De esa manera, la promoción novísima también celebró la fiesta conmemorativa a Neruda, esta vez reescribiendo, precisamente, su Canto General. Titulado como Desencanto personal, en el 2004 el poeta Javier Bello seleccionó una serie de textos de distintos autores noveles que, en el marco de aquel desencanto, señalan tanto una desilusión con respecto a la textualidad épica de Neruda, como un desarme, una desarticulación de aquel discurso7. Destaco la propuesta poética de Felipe Ruiz, quien ingresará un código pop/vulgar para decir la degradación del discurso nacional nerudiano: «come to burn with me, brother / give me your hand, give me your hand // ojitos de gata alquinta / ojitos hediondos de gatito / muerto / seco // papada de ballena nerudiana / podrida pescá seca» («Bajezas de Machu Pichu», 129). Así, el centenario de Neruda devendrá asistencia a un velorio donde el cuerpo se halla exhumado; se ha abierto la tumba, para encontrarse con una palabra poética que hiede, que se halla descompuesta, mientras el canon nación es ofrecido como ofrenda sacrílega.

Ramírez luego polemizará la mitificación nerudiana, su investidura nacionalista, al aseverar cómo su propia escritura «nunca bailó ese gesto de la patria orgullosa de su falo» (El baile, 75), a diferencia del canto generado por el Nobel. Así, el hablante se percatará de lo extemporáneo del discurso de Neruda, y desde ahí actualizará una anulación del canto como acto simbólico, al tiempo que nombrará la imposibilidad de constituir una identidad nacional, mientras la palabra poética «pierde su tranquilidad y seguridad para llegar a ser turbulenta, irresoluble internamente y ambivalente» (Bajtín, 277)8. En El baile de los niños lo general será desplazado por un particular, mientras la conciencia escritural desaloja al canto: «Si yo bailo cuando escribo y escribo cuando bailo / no puedo hacerlo de otra forma» (39), afirmará la voz poética, insinuando, además, cómo su escritura será correlato del cuerpo, el significante por pervertir y transformar.

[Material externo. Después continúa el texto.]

(* In the setting of the context, assume (A2), (A2') and (A3). Then for every $j\in\{1,\dots,p\}$, $$\big|\,\|R\|_{\mathcal{G}_j,2}-\|\alpha\|_{\mathcal{G}_j,2}\big|^2\le 4M^2v_n\,r(\mathcal{G}_j)+2(1+\nu)\,\|P_{V_{\mathcal{G}_j}}W\|_2^2.$$
   Context: Model $Y=\tilde X\alpha+W$ with $\tilde X\in\mathbb{R}^{n\times k}$, $\alpha\in\mathbb{R}^k$, $W\in\mathbb{R}^n$ a noise vector with i.i.d. $\mathcal{N}(0,\sigma^2)$ entries. $\mathcal{G}_1,\dots,\mathcal{G}_p$ is a partition of $\{1,\dots,k\}$, $t_j=\#\mathcal{G}_j$, $t^*=\max_j t_j$; each index $\ell$ is written $\ell=(j,t)$ with $j$ its group and $t\in\{1,\dots,t_j\}$ its rank inside $\mathcal{G}_j$. $R_\ell=\sum_{i=1}^n Y_i\tilde X_{i\ell}$. Norms: $\|u\|_{\mathcal{I},1}=\sum_{\ell\in\mathcal{I}}|u_\ell|$, $\|u\|_{\mathcal{I},2}^2=\sum_{\ell\in\mathcal{I}}u_\ell^2$. $\Gamma=\tilde X^t\tilde X$; $V_{\mathcal{I}}$ is the span of the columns of $\tilde X$ indexed by $\mathcal{I}$ and $P_{V_{\mathcal{I}}}$ the orthogonal projection onto it. $\gamma_{BT}=\sup\{|\Gamma_{(j,t)(j',t')}|: t\neq t'\}$, $\gamma_{BG}=\sup\{|\Gamma_{(j,t)(j',t)}|: j\ne j'\}$; $r(\mathcal{I})=\#(\mathcal{I})\gamma_{BT}^2+\#\{j:\exists t,(j,t)\in\mathcal{I}\}\gamma_{BG}^2$; $\tau^*=t^*\gamma_{BT}+\gamma_{BG}$. Assumptions: (A2) $\Gamma_{\ell\ell}=1$ for all $\ell$; (A2') $\tau^*\le\nu$ for a fixed $\nu\in(0,1)$; (A3) there exist $q\in(0,1]$, $M>0$ and $v_n>0$ with $\sum_{j=1}^p\|\alpha\|_{\mathcal{G}_j,1}^q\le M^q v_n^{q/2}$. *)

theory Defs
  imports "HOL-Analysis.Analysis"
begin

text \<open>Columns of the design matrix are indexed by a finite type 'k (the k columns),
  observations by a finite type 'n (so vectors live in real^'n).
  X l is the l-th column of the matrix tilde X.\<close>

definition Gram :: "('k \<Rightarrow> real^'n) \<Rightarrow> 'k \<Rightarrow> 'k \<Rightarrow> real" where
  "Gram X l l' = X l \<bullet> X l'"

definition response :: "('k::finite \<Rightarrow> real^'n) \<Rightarrow> ('k \<Rightarrow> real) \<Rightarrow> real^'n \<Rightarrow> real^'n" where
  "response X \<alpha> W = (\<Sum>l\<in>UNIV. \<alpha> l *\<^sub>R X l) + W"

definition Rstat :: "('k::finite \<Rightarrow> real^'n) \<Rightarrow> ('k \<Rightarrow> real) \<Rightarrow> real^'n \<Rightarrow> 'k \<Rightarrow> real" where
  "Rstat X \<alpha> W l = response X \<alpha> W \<bullet> X l"

definition norm1_on :: "'k set \<Rightarrow> ('k \<Rightarrow> real) \<Rightarrow> real" where
  "norm1_on I u = (\<Sum>l\<in>I. \<bar>u l\<bar>)"

definition norm2_on :: "'k set \<Rightarrow> ('k \<Rightarrow> real) \<Rightarrow> real" where
  "norm2_on I u = sqrt (\<Sum>l\<in>I. (u l)\<^sup>2)"

text \<open>Groups G 0, ..., G (p-1) form a partition of the column index set (nonempty blocks);
  rk l is the rank t of l inside its group, a bijection of G j onto {1..t_j}.\<close>
definition is_group_partition :: "nat \<Rightarrow> (nat \<Rightarrow> 'k set) \<Rightarrow> bool" where
  "is_group_partition p G \<longleftrightarrow>
     (\<forall>j<p. G j \<noteq> {}) \<and> (\<forall>j<p. \<forall>j'<p. j \<noteq> j' \<longrightarrow> G j \<inter> G j' = {}) \<and>
     (\<Union>j<p. G j) = UNIV"

definition grp :: "nat \<Rightarrow> (nat \<Rightarrow> 'k set) \<Rightarrow> 'k \<Rightarrow> nat" where
  "grp p G l = (THE j. j < p \<and> l \<in> G j)"

definition is_rank :: "nat \<Rightarrow> (nat \<Rightarrow> 'k set) \<Rightarrow> ('k \<Rightarrow> nat) \<Rightarrow> bool" where
  "is_rank p G rk \<longleftrightarrow> (\<forall>j<p. bij_betw rk (G j) {1..card (G j)})"

definition tstar :: "nat \<Rightarrow> (nat \<Rightarrow> 'k set) \<Rightarrow> nat" where
  "tstar p G = Max (insert 0 ((\<lambda>j. card (G j)) ` {..<p}))"

text \<open>Suprema over finite sets of nonnegative numbers; the supremum of the empty set is taken as 0.\<close>
definition gamma_BT :: "('k::finite \<Rightarrow> real^'n) \<Rightarrow> ('k \<Rightarrow> nat) \<Rightarrow> real" where
  "gamma_BT X rk = Max (insert 0 {\<bar>Gram X l l'\<bar> | l l'. rk l \<noteq> rk l'})"

definition gamma_BG :: "('k::finite \<Rightarrow> real^'n) \<Rightarrow> nat \<Rightarrow> (nat \<Rightarrow> 'k set) \<Rightarrow> ('k \<Rightarrow> nat) \<Rightarrow> real" where
  "gamma_BG X p G rk = Max (insert 0 {\<bar>Gram X l l'\<bar> | l l'. rk l = rk l' \<and> grp p G l \<noteq> grp p G l'})"

definition rfun :: "('k::finite \<Rightarrow> real^'n) \<Rightarrow> nat \<Rightarrow> (nat \<Rightarrow> 'k set) \<Rightarrow> ('k \<Rightarrow> nat) \<Rightarrow> 'k set \<Rightarrow> real" where
  "rfun X p G rk I = real (card I) * (gamma_BT X rk)\<^sup>2
      + real (card {j. \<exists>l\<in>I. grp p G l = j}) * (gamma_BG X p G rk)\<^sup>2"

definition tau_star :: "('k::finite \<Rightarrow> real^'n) \<Rightarrow> nat \<Rightarrow> (nat \<Rightarrow> 'k set) \<Rightarrow> ('k \<Rightarrow> nat) \<Rightarrow> real" where
  "tau_star X p G rk = real (tstar p G) * gamma_BT X rk + gamma_BG X p G rk"

definition orth_proj :: "(real^'n) set \<Rightarrow> real^'n \<Rightarrow> real^'n" where
  "orth_proj V w = (THE q. q \<in> V \<and> (\<forall>v\<in>V. (w - q) \<bullet> v = 0))"

end

theory Submission
  imports Defs
begin

text \<open>Subtracting \<open>\<alpha>\<^sub>\<ell>\<close> from \<open>R\<^sub>\<ell> = \<Sum>\<^sub>\<ell>' \<Gamma>\<^sub>\<ell>\<^sub>\<ell>' \<alpha>\<^sub>\<ell>' + (X\<^sup>t W)\<^sub>\<ell>\<close> leaves three terms.
  The coordinates \<open>\<ell>'\<close> of a different rank contribute at most \<open>\<gamma>\<^sub>B\<^sub>T \<parallel>\<alpha>\<parallel>\<^sub>1\<close> to every entry.
  The coordinates of the same rank lie in other groups, because the rank is injective on each group;
  each of them has at most one partner in \<open>G\<^sub>j\<close>, so over \<open>G\<^sub>j\<close> their contribution has
  \<open>\<ell>\<^sup>1\<close>-norm at most \<open>\<gamma>\<^sub>B\<^sub>G \<parallel>\<alpha>\<parallel>\<^sub>1\<close>. The noise term only sees \<open>P W\<close>, and the Gram matrix of the group has
  operator norm at most \<open>1 + (t\<^sub>j - 1) \<gamma>\<^sub>B\<^sub>T \<le> 1 + \<nu>\<close>, which bounds its squared norm by \<open>(1 + \<nu>) \<parallel>P W\<parallel>\<^sup>2\<close>.
  Finally \<open>q \<le> 1\<close> makes \<open>x \<mapsto> x\<^sup>q\<close> subadditive, so (A3) gives \<open>\<parallel>\<alpha>\<parallel>\<^sub>1 \<le> M \<surd>v\<close>, and
  \<open>(a + b + c)\<^sup>2 \<le> 4a\<^sup>2 + 4b\<^sup>2 + 2c\<^sup>2\<close> combines the three bounds.\<close>

lemma orth_proj_span:
  fixes S :: "(real^'n) set"
  shows "orth_proj (span S) w \<in> span S \<and> (\<forall>v\<in>span S. (w - orth_proj (span S) w) \<bullet> v = 0)"
proof -
  obtain y z where y: "y \<in> span S" and z: "\<And>v. v \<in> span S \<Longrightarrow> orthogonal z v" and w: "w = y + z"
    using orthogonal_subspace_decomp_exists by blast
  have P: "y \<in> span S \<and> (\<forall>v\<in>span S. (w - y) \<bullet> v = 0)"
    using y z w by (simp add: orthogonal_def)
  have "q = y" if "q \<in> span S \<and> (\<forall>v\<in>span S. (w - q) \<bullet> v = 0)" for q
  proof -
    have "y - q \<in> span S" using y that by (simp add: span_diff)
    then have "(w - q) \<bullet> (y - q) = 0" "(w - y) \<bullet> (y - q) = 0" using that P by auto
    then have "(y - q) \<bullet> (y - q) = 0"
      by (metis (no_types, lifting) diff_add_cancel diff_diff_eq2 inner_diff_left inner_commute right_minus_eq)
    then show ?thesis by simp
  qed
  then have "orth_proj (span S) w = y"
    unfolding orth_proj_def using P by (rule the_equality[rotated])
  then show ?thesis using P by simp
qed

lemma inner_orth_proj_span:
  fixes S :: "(real^'n) set"
  assumes "x \<in> S"
  shows "orth_proj (span S) w \<bullet> x = w \<bullet> x"
proof -
  have "(w - orth_proj (span S) w) \<bullet> x = 0"
    using orth_proj_span assms by (blast intro: span_base)
  then show ?thesis by (simp add: inner_diff_left)
qed

lemma sum_inner_sq_le_orth_proj:
  fixes X :: "'k \<Rightarrow> real^'n"
  assumes frame: "\<And>c. (norm (\<Sum>l\<in>I. c l *\<^sub>R X l))\<^sup>2 \<le> K * (\<Sum>l\<in>I. (c l)\<^sup>2)"
    and K: "0 \<le> K"
  shows "(\<Sum>l\<in>I. (W \<bullet> X l)\<^sup>2) \<le> K * (norm (orth_proj (span (X ` I)) W))\<^sup>2"
proof -
  define u where "u = orth_proj (span (X ` I)) W"
  define y where "y = (\<Sum>l\<in>I. (W \<bullet> X l) *\<^sub>R X l)"
  define S where "S = (\<Sum>l\<in>I. (W \<bullet> X l)\<^sup>2)"
  have S0: "0 \<le> S" unfolding S_def by (simp add: sum_nonneg)
  have "S = (\<Sum>l\<in>I. (W \<bullet> X l) * (u \<bullet> X l))"
    unfolding S_def u_def by (intro sum.cong refl) (simp add: inner_orth_proj_span power2_eq_square)
  also have "\<dots> = u \<bullet> y" unfolding y_def by (simp add: inner_sum_right)
  also have "\<dots> \<le> norm u * norm y" by (rule Cauchy_Schwarz_ineq2[THEN order_trans[OF abs_ge_self]])
  finally have "S\<^sup>2 \<le> (norm u)\<^sup>2 * (norm y)\<^sup>2"
    using S0 by (metis power_mono power_mult_distrib)
  also have "\<dots> \<le> (norm u)\<^sup>2 * (K * S)"
    using frame[of "\<lambda>l. W \<bullet> X l"] unfolding y_def S_def by (intro mult_left_mono) auto
  finally have "S * S \<le> (K * (norm u)\<^sup>2) * S" by (simp add: power2_eq_square algebra_simps)
  then have "S \<le> K * (norm u)\<^sup>2"
    using S0 K by (cases "S = 0") (auto simp: mult_le_cancel_right)
  then show ?thesis unfolding S_def u_def .
qed

lemma quadratic_form_le_off_diagonal_bound:
  fixes c :: "'k \<Rightarrow> real" and Gm :: "'k \<Rightarrow> 'k \<Rightarrow> real"
  assumes fin: "finite I" and diag: "\<And>l. l \<in> I \<Longrightarrow> Gm l l = 1"
    and off: "\<And>l l'. l \<in> I \<Longrightarrow> l' \<in> I \<Longrightarrow> l \<noteq> l' \<Longrightarrow> \<bar>Gm l l'\<bar> \<le> g" and g: "0 \<le> g"
  shows "(\<Sum>l\<in>I. \<Sum>l'\<in>I. c l * c l' * Gm l l') \<le> (1 + (real (card I) - 1) * g) * (\<Sum>l\<in>I. (c l)\<^sup>2)"
proof -
  let ?S = "\<Sum>l\<in>I. (c l)\<^sup>2"
  have term_le: "2 * (c l * c l' * Gm l l')
      \<le> g * (c l)\<^sup>2 + g * (c l')\<^sup>2 + (if l = l' then 2 * (1 - g) * (c l)\<^sup>2 else 0)"
    if "l \<in> I" "l' \<in> I" for l l'
  proof (cases "l = l'")
    case True
    then show ?thesis using diag that by (simp add: power2_eq_square algebra_simps)
  next
    case False
    have "c l * c l' * Gm l l' \<le> \<bar>c l * c l'\<bar> * \<bar>Gm l l'\<bar>" by (metis abs_ge_self abs_mult)
    also have "\<dots> \<le> \<bar>c l * c l'\<bar> * g" using off[OF that False] by (intro mult_left_mono) auto
    finally have "2 * (c l * c l' * Gm l l') \<le> (2 * \<bar>c l\<bar> * \<bar>c l'\<bar>) * g" by (simp add: abs_mult)
    also have "\<dots> \<le> ((c l)\<^sup>2 + (c l')\<^sup>2) * g"
      using g sum_squares_bound[of "\<bar>c l\<bar>" "\<bar>c l'\<bar>"] by (intro mult_right_mono) auto
    finally show ?thesis using False by (simp add: algebra_simps)
  qed
  have "2 * (\<Sum>l\<in>I. \<Sum>l'\<in>I. c l * c l' * Gm l l')
      \<le> (\<Sum>l\<in>I. \<Sum>l'\<in>I. g * (c l)\<^sup>2 + g * (c l')\<^sup>2 + (if l = l' then 2 * (1 - g) * (c l)\<^sup>2 else 0))"
    unfolding sum_distrib_left using term_le by (intro sum_mono) auto
  also have "\<dots> = 2 * ((1 + (real (card I) - 1) * g) * ?S)"
  proof -
    have "(\<Sum>l\<in>I. \<Sum>l'\<in>I. g * (c l)\<^sup>2) = g * real (card I) * ?S"
      and "(\<Sum>l\<in>I. \<Sum>l'\<in>I. g * (c l')\<^sup>2) = g * real (card I) * ?S"
      and "(\<Sum>l\<in>I. \<Sum>l'\<in>I. if l = l' then 2 * (1 - g) * (c l)\<^sup>2 else 0) = 2 * (1 - g) * ?S"
      using fin by (simp_all add: sum_distrib_left sum_distrib_right algebra_simps)
    then show ?thesis unfolding sum.distrib by (simp only:) (simp add: algebra_simps)
  qed
  finally show ?thesis by simp
qed
lemma norm_sum_scaleR_sq_le_off_diagonal_bound:
  fixes X :: "'k \<Rightarrow> 'a::real_inner"
  assumes "finite I" and "\<And>l. l \<in> I \<Longrightarrow> X l \<bullet> X l = 1"
    and "\<And>l l'. l \<in> I \<Longrightarrow> l' \<in> I \<Longrightarrow> l \<noteq> l' \<Longrightarrow> \<bar>X l \<bullet> X l'\<bar> \<le> g" and "0 \<le> g"
  shows "(norm (\<Sum>l\<in>I. c l *\<^sub>R X l))\<^sup>2 \<le> (1 + (real (card I) - 1) * g) * (\<Sum>l\<in>I. (c l)\<^sup>2)"
proof -
  have "(norm (\<Sum>l\<in>I. c l *\<^sub>R X l))\<^sup>2 = (\<Sum>l\<in>I. \<Sum>l'\<in>I. c l * c l' * (X l' \<bullet> X l))"
    by (simp add: power2_norm_eq_inner inner_sum_left inner_sum_right sum_distrib_left algebra_simps)
  also have "\<dots> \<le> (1 + (real (card I) - 1) * g) * (\<Sum>l\<in>I. (c l)\<^sup>2)"
    by (rule quadratic_form_le_off_diagonal_bound) (use assms in \<open>auto simp: inner_commute\<close>)
  finally show ?thesis .
qed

En ese sentido, la voz de Ramírez desarmará cualquier textualidad épica, al desarticular el estatuto de una historia americana y nacional, en tanto el mundo de este sujeto no aparece, ni puede aparecer, integrado a una identidad continental. De esa manera, la primera sección del poemario, titulada el «Baile general de los niños», repetirá el número de los distintos cantos de la obra de Neruda, aunque deformando los signos que la construyen: en vez de «I. La lámpara en la tierra», Ramírez escribirá «I. Lucecitas Candy». Ambos enunciados se refieren a un mismo sema luminoso, pero si Neruda piensa en una metáfora telúrica, el novísimo atraerá una imagen plastificada: esas luces, las del baile, son fluorescentes, desechables. Asimismo, si el sujeto nerudiano afirmaba que «No hay nadie. Escucha el árbol, / escucha el árbol araucano» (22), la nueva versión dirá cómo « No hay nadie esta noche y sin embargo sólo les escribo a estos niños que se saben resignados y felices en el baile general de lo que queda de país» (Ramírez, El baile, 23). Desde aquí se manifiesta cómo la realidad representada por Ramírez problematiza la existencia de un discurso nacional, en tanto el acento se halla puesto sobre la posición de una serie de sujetos vueltos sobra de la patria: «Las niñas que yo conozco no aparecen en la historia más heroica del país / Porque ellas dicen que se les olvidan las cosas que han hecho en la vida» (El baile, 31). Así, el saber del hablante novísimo privilegiará la representación de quienes han carecido de participación cultural, de voz ciudadana.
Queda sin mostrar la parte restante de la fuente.